lemma recon_iid_map_decoder:
  assumes q: "real_law q" and recon: "recon_iid pX n M L enc dec q"
  shows "recon_iid pX n M L enc (map_decoder n T dec) (distr q borel T)"
  unfolding recon_iid_def
proof
  fix A assume A: "A \<in> sets block_space"
  have sets_q: "sets q = sets borel" and "prob_space q" using q by (auto simp: real_law_def)
  define F where "F = compose {..<n} T"
  define A' where "A' = F -` A \<inter> space block_space"
  have A': "A' \<in> sets block_space"
    unfolding A'_def F_def by (rule measurable_sets[OF compose_measurable A])
  have sets_iid: "sets (PiM {..<n} (\<lambda>_. q)) = sets block_space"
    using sets_q by (intro sets_PiM_cong) auto
  have "recon_prob pX n M L enc (map_decoder n T dec) A = recon_prob pX n M L enc dec A'"
    unfolding recon_prob_def map_decoder_def
    using measure_distr[OF compose_measurable_dec A] sets_eq_imp_space_eq[OF sets_dec]
    by (intro sum.cong refl) (simp add: A'_def F_def)
  also have "\<dots> = measure (PiM {..<n} (\<lambda>_. q)) A'"
    using recon A' by (simp add: recon_iid_def)
  also have "\<dots> = measure (distr (PiM {..<n} (\<lambda>_. q)) block_space F) A"
    using compose_measurable sets_eq_imp_space_eq[OF sets_iid]
    by (simp add: measure_distr A A'_def F_def measurable_cong_sets[OF sets_iid refl])
  also have "distr (PiM {..<n} (\<lambda>_. q)) block_space F = PiM {..<n} (\<lambda>_. distr q borel T)"
  proof -
    have "distr (PiM {..<n} (\<lambda>_. q)) block_space F
        = distr (PiM {..<n} (\<lambda>_. q)) (PiM {..<n} (\<lambda>_. distr q borel T)) F"
      by (rule distr_cong) (auto intro!: sets_PiM_cong)
    also have "\<dots> = PiM {..<n} (\<lambda>_. distr q (distr q borel T) T)"
      unfolding F_def using \<open>prob_space q\<close>
      by (intro distr_PiM_finite_prob_space')
        (auto intro: prob_space.prob_space_distr simp: measurable_cong_sets[OF sets_q refl])
    also have "distr q (distr q borel T) T = distr q borel T"
      by (rule distr_cong) auto
    finally show ?thesis .
  qed
  finally show "recon_prob pX n M L enc (map_decoder n T dec) A
      = measure (PiM {..<n} (\<lambda>_. distr q borel T)) A" .
qed
lemma ratfun_det:
  assumes A: "ratfun_mat S D r A"
  shows "ratfun (S ^ r) (r * D) (\<lambda>\<theta>. det (A \<theta>))"
proof -
  have "ratfun (S ^ r) (r * D)
      (\<lambda>\<theta>. \<Sum>p\<in>{p. p permutes {0..<r}}. signof p * (\<Prod>i = 0..<r. A \<theta> $$ (i, p i)))"
  proof (intro ratfun_sum ratfun_cmult)
    fix p assume "p \<in> {p. p permutes {0..<r}}"
    then have "i < r \<Longrightarrow> p i < r" for i
      using permutes_in_image by fastforce
    then show "ratfun (S ^ r) (r * D) (\<lambda>\<theta>. \<Prod>i = 0..<r. A \<theta> $$ (i, p i))"
      using ratfun_prod[of "{0..<r}" S D "\<lambda>i \<theta>. A \<theta> $$ (i, p i)"] ratfun_mat_entry[OF A] by simp
  qed (simp add: finite_permutations)
  moreover have "det (A \<theta>)
      = (\<Sum>p\<in>{p. p permutes {0..<r}}. signof p * (\<Prod>i = 0..<r. A \<theta> $$ (i, p i)))" for \<theta>
    using ratfun_mat_dim[OF A] unfolding det_def by auto
  ultimately show ?thesis by simp
qed

lemma ratfun_mat_adj_mat:
  assumes A: "ratfun_mat S D r A"
  shows "ratfun_mat (S ^ (r - 1)) ((r - 1) * D) r (\<lambda>\<theta>. adj_mat (A \<theta>))"
proof (rule ratfun_matI)
  fix i j assume ij: "i < r" "j < r"
  have "ratfun (S ^ (r - 1)) ((r - 1) * D) (\<lambda>\<theta>. (-1) ^ (j + i) * det (mat_delete (A \<theta>) j i))"
    using ij by (intro ratfun_cmult ratfun_det ratfun_mat_delete[OF A])
  moreover have "adj_mat (A \<theta>) $$ (i, j) = (-1) ^ (j + i) * det (mat_delete (A \<theta>) j i)" for \<theta>
    using ratfun_mat_dim[OF A] ij by (simp add: adj_mat_def cofactor_def)
  ultimately show "ratfun (S ^ (r - 1)) ((r - 1) * D) (\<lambda>\<theta>. adj_mat (A \<theta>) $$ (i, j))"
    by simp
qed (rule adj_mat(1)[OF ratfun_mat_carrier[OF A]])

•••••

▶ What this task involves: Looking at the entries, how many lines contain the string "then"? The answer is that number alone.

▶ Task output: 2